According to the newly released Senate report on the CIA's "enhanced interrogation" program, detainees' hunger strikes were broken via rectal feeding.

Posted on December 9, 2014, at 12:08 p.m. ET

Detainees participate in an early morning prayer session at Camp IV at the detention facility at the Guantanamo Bay U.S. Naval Base.
Staff Photographer / Via Reuters

Detainees participate in an early morning prayer session at Camp IV at the detention facility at the Guantanamo Bay U.S. Naval Base.

In one of the most disturbing revelations in the newly released Senate report on the CIA's "enhanced interrogation" program, the CIA was found to have used "rectal feeding" and rectal rehydration to impose their will on detainees.

"CIA medical officers discussed rectal rehydration as a means of behavior control," the report reads. "As one officer wrote, '[w]hile IV infusion is safe and effective, we were impressed with the ancillary effectiveness of rectal infusion on ending the water refusal in a similar case."

In other words, while using a saline drip delivered via IV worked just as well, the CIA found that detainees were more likely to end resistance after the use of rectal rehydration.

The same officer described the procedure, writing that "regarding the rectal tube, if you place it and open up the IV tubing, the flow will self-regulate, sloshing up the large intestines."

The use of the technique for control is highlighted in the case of Khalid Sheik Mohammad, the alleged mastermind behind the 9/11 attacks.

Water wasn't the only thing provided rectally.

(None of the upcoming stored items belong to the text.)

lemma MinHeight_le_dist_span:
  assumes "finite I" "j \<in> I" "t \<in> span ((\<lambda>i. A *v p i) ` (I - {j}))"
  shows "MinHeight A p I \<le> norm (A *v p j - t)"
proof -
  have "span ((\<lambda>i. A *v p i) ` (I - {j})) = (*v) A ` span (p ` (I - {j}))"
    unfolding image_image[symmetric] by (rule span_linear_image) simp
  then obtain s where s: "s \<in> span (p ` (I - {j}))" "t = A *v s"
    using assms(3) by blast
  have "MinHeight A p I \<le> eudist_set A (p j) (span (p ` (I - {j})))"
    unfolding MinHeight_def using assms(1,2) by (intro Min_le) auto
  also have "\<dots> \<le> eunorm A (p j - s)"
    unfolding eudist_set_def using s(1)
    by (intro cInf_lower) (auto intro!: bdd_belowI[of _ 0] simp: eunorm_def)
  finally show ?thesis
    by (simp add: eunorm_def s(2) matrix_vector_mult_diff_distrib)
qed

lemma antisym_mat_congruence:
  fixes A Z :: "real^'n^'n"
  assumes "antisym_mat Z"
  shows "antisym_mat (A ** Z ** transpose A)"
proof -
  have neg: "X ** (- Y) = - (X ** Y)" "(- Y) ** X = - (Y ** X)" for X Y :: "real^'n^'n"
    by (simp_all add: matrix_matrix_mult_def vec_eq_iff sum_negf)
  have "transpose (A ** Z ** transpose A) = A ** transpose Z ** transpose A"
    by (simp add: matrix_transpose_mul matrix_mul_assoc)
  also have "\<dots> = - (A ** Z ** transpose A)"
    using assms by (simp add: antisym_mat_def neg)
  finally show ?thesis
    unfolding antisym_mat_def .
qed

text \<open>The Euclidean structure of \<open>A\<close> is transported to the standard one by \<open>x \<mapsto> A x\<close>,
  under which \<open>Z\<close> becomes \<open>A Z A\<^sup>T\<close>.\<close>

lemma bounded_wedge_decomposition:
  fixes A Z :: "real^'n^'n" and p :: "nat \<Rightarrow> real^'n"
  assumes A: "invertible A" and Z: "antisym_mat Z"
    and I: "finite I" "card I + 1 = CARD('n)" and "\<epsilon> > 0" and height: "\<epsilon> \<le> MinHeight A p I"
  obtains w where "Z = (\<Sum>j\<in>I. wedge (w j) (p j))"
    and "\<And>j. j \<in> I \<Longrightarrow> eunorm A (w j) \<le> sqrt 2 * eunorm2 A Z / \<epsilon>"
proof -
  obtain B where AB: "A ** B = mat 1" and BA: "B ** A = mat 1"
    using A unfolding invertible_def by blast
  define M where "M = A ** Z ** transpose A"
  have "\<epsilon> \<le> norm (A *v p j - t)" if "j \<in> I" "t \<in> span ((\<lambda>i. A *v p i) ` (I - {j}))" for j t
    using MinHeight_le_dist_span[OF I(1) that] height by linarith
  then obtain w where M: "M = (\<Sum>j\<in>I. wedge (w j) (A *v p j))"
    and w: "\<And>j. j \<in> I \<Longrightarrow> norm (w j) \<le> norm M / \<epsilon>"
    using antisym_wedge_decomposition[of M I \<epsilon> "\<lambda>j. A *v p j"] antisym_mat_congruence[OF Z, of A]
      I \<open>\<epsilon> > 0\<close> unfolding M_def by blast
  show ?thesis
  proof
    have "transpose A ** transpose B = mat 1"
      using BA by (metis matrix_transpose_mul transpose_mat)
    then have "Z = B ** M ** transpose B"
      by (simp add: M_def matrix_mul_assoc BA flip: matrix_mul_assoc[of Z])
    then show "Z = (\<Sum>j\<in>I. wedge (B *v w j) (p j))"
      by (simp add: M matrix_mult_congruence_sum_wedge matrix_vector_mul_assoc BA)
    show "eunorm A (B *v w j) \<le> sqrt 2 * eunorm2 A Z / \<epsilon>" if "j \<in> I" for j
      using w[OF that] by (simp add: eunorm_def eunorm2_def M_def matrix_vector_mul_assoc AB)
  qed
qed

lemma is_norm_wedge_decomposition:
  fixes N :: "real^'n \<Rightarrow> real" and A :: "real^'n^'n"
  assumes "is_norm N" and "invertible A"
  obtains K where "K > 0"
    and "\<And>(Z :: real^'n^'n) I \<epsilon> p. antisym_mat Z \<Longrightarrow> finite I \<Longrightarrow>
      card I + 1 = CARD('n) \<Longrightarrow> \<epsilon> > 0 \<Longrightarrow> \<epsilon> \<le> MinHeight A p I \<Longrightarrow>
      \<exists>w. Z = (\<Sum>j\<in>I. wedge (w j) (p j)) \<and> (\<forall>j\<in>I. N (w j) \<le> K * eunorm2 A Z / \<epsilon>)"
proof -
  obtain C where C: "C > 0" "\<And>x. N x \<le> C * eunorm A x"
    using is_norm_le_eunorm[OF assms] by blast
  show thesis
  proof (rule that)
    show "C * sqrt 2 > 0"
      using C(1) by simp
    fix Z :: "real^'n^'n" and I \<epsilon> p
    assume "antisym_mat Z" "finite I" "card I + 1 = CARD('n)" "\<epsilon> > 0" "\<epsilon> \<le> MinHeight A p I"
    then obtain w where "Z = (\<Sum>j\<in>I. wedge (w j) (p j))"
      and w: "\<And>j. j \<in> I \<Longrightarrow> eunorm A (w j) \<le> sqrt 2 * eunorm2 A Z / \<epsilon>"
      using bounded_wedge_decomposition[OF assms(2)] by blast
    moreover have "N (w j) \<le> C * sqrt 2 * eunorm2 A Z / \<epsilon>" if "j \<in> I" for j
      using C(2)[of "w j"] mult_left_mono[OF w[OF that], of C] C(1) by simp
    ultimately show "\<exists>w. Z = (\<Sum>j\<in>I. wedge (w j) (p j)) \<and>
        (\<forall>j\<in>I. N (w j) \<le> C * sqrt 2 * eunorm2 A Z / \<epsilon>)"
      by blast
  qed
qed

section \<open>The group law\<close>

lemma gmult_assoc: "gmult (gmult p q) r = gmult p (gmult q r)"
  by (simp add: gmult_def wedge_add_left wedge_add_right scaleR_add_right)

lemma gmult_gzero_left [simp]: "gmult gzero g = g"
  by (simp add: gmult_def gzero_def)

lemma fst_gmult: "fst (gmult p q) = fst p + fst q"
  by (simp add: gmult_def)

lemma gmult_central: "gmult (0, Y) (gmult (0, Y') g) = gmult (0, Y + Y') g"
  by (simp add: gmult_def)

Food and other nutritional supplements were also delivered rectally to break hunger strikes, particularly in the cases of Abd al-Rahim al-Nashiri and Majid Khan.

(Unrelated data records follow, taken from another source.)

lemma sum_file_weight_le:
  fixes G :: "nat \<Rightarrow> nat \<Rightarrow> nat \<Rightarrow> 'a::{finite,field}"
  assumes "is_array_code N m Nb"
  shows "(\<Sum>i=1..n. file_weight n Nb G m i) \<le> 2 * (m - 1) * N"
proof -
  define S where "S l = recoverable n Nb G {l}" for l
  define J where "J a b = jointly_recoverable n Nb G a b" for a b
  have "(\<Sum>i=1..n. \<Sum>l=1..m. of_bool (i \<in> S l)) = (\<Sum>l=1..m. card (S l))"
    by (subst sum.swap) (simp add: S_def Int_absorb1 recoverable_subset del: One_nat_def)
  moreover have "(\<Sum>i=1..n. \<Sum>a=1..m. \<Sum>b\<in>{1..m} - {a}. of_bool (i \<in> J a b))
      = (\<Sum>a=1..m. \<Sum>b\<in>{1..m} - {a}. card (J a b))"
  proof -
    have "(\<Sum>i=1..n. \<Sum>a=1..m. \<Sum>b\<in>{1..m} - {a}. of_bool (i \<in> J a b))
        = (\<Sum>a=1..m. \<Sum>b\<in>{1..m} - {a}. \<Sum>i=1..n. of_bool (i \<in> J a b))"
      by (rule trans[OF sum.swap sum.cong[OF refl sum.swap]])
    also have "\<dots> = (\<Sum>a=1..m. \<Sum>b\<in>{1..m} - {a}. card (J a b))"
      by (simp add: J_def Int_absorb1 jointly_recoverable_subset del: One_nat_def)
    finally show ?thesis .
  qed
  ultimately have "(\<Sum>i=1..n. file_weight n Nb G m i)
      = 2 * (m - 1) * (\<Sum>l=1..m. card (S l)) + (\<Sum>a=1..m. \<Sum>b\<in>{1..m} - {a}. card (J a b))"
    by (simp add: file_weight_def sum.distrib sum_distrib_left[symmetric] S_def J_def)
  also have "\<dots> = (\<Sum>a=1..m. \<Sum>b\<in>{1..m} - {a}. card (S a) + card (S b) + card (J a b))"
    using sum_offdiagonal_add[of "{1..m}" "\<lambda>l. card (S l)"] by (simp add: sum.distrib)
  also have "\<dots> \<le> (\<Sum>a=1..m. \<Sum>b\<in>{1..m} - {a}. Nb a + Nb b)"
    unfolding S_def J_def by (intro sum_mono card_recoverable_pair_le)
  also have "\<dots> = 2 * (m - 1) * N"
    using sum_offdiagonal_add[of "{1..m}" Nb] assms by (simp add: is_array_code_def)
  finally show ?thesis .
qed

lemma PIR_file_served_by_pair:
  assumes "is_PIR G Nb n N k (k + 1)" and "i \<in> {1..n}"
  obtains a b where "a \<in> {1..k+1}" "b \<in> {1..k+1}" "a \<noteq> b" "i \<in> recoverable n Nb G {a, b}"
    and "\<forall>l\<in>{1..k+1} - {a, b}. i \<in> recoverable n Nb G {l}"
proof -
  obtain R where part: "is_partition (k + 1) k R" and rec: "\<forall>j<k. recovers n Nb G (R j) i"
    using assms unfolding is_PIR_def by blast
  then have "\<forall>j<k. R j \<noteq> {}"
    using recovers_nonempty by blast
  with part obtain j0 a b where j0: "j0 < k" "a \<noteq> b" "R j0 = {a, b}"
    and singles: "\<forall>l\<in>{1..k+1} - {a, b}. \<exists>j<k. R j = {l}"
    by (rule partition_Suc_into_nonempty)
  have "R j0 \<subseteq> {1..k+1}"
    using part j0(1) unfolding is_partition_def by blast
  then have "a \<in> {1..k+1}" "b \<in> {1..k+1}"
    using j0(3) by auto
  moreover have "i \<in> recoverable n Nb G {a, b}"
    using rec[rule_format, OF j0(1)] j0(3) assms(2) by (simp add: recoverable_def)
  moreover have "\<forall>l\<in>{1..k+1} - {a, b}. i \<in> recoverable n Nb G {l}"
  proof
    fix l
    assume "l \<in> {1..k+1} - {a, b}"
    then obtain j where "j < k" "R j = {l}"
      using singles by blast
    with rec assms(2) show "i \<in> recoverable n Nb G {l}"
      by (auto simp: recoverable_def)
  qed
  ultimately show ?thesis
    using that j0(2) by blast
qed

Further details on the use of rectal feeding against Khan also notes that he was fed via nasal tube, a process one detainee's lawyer described as like "having a razor-blade pulled down your throat."

Al-Nashiri is still on trial for his role in the bombing of the USS Cole in 1999. Khan is currently serving out a 19-year term after a plea deal with the United States government.

Aside from feeding and hydration, according to the report, CIA leadership was also warned that rectal exams were being conducted with "excessive force."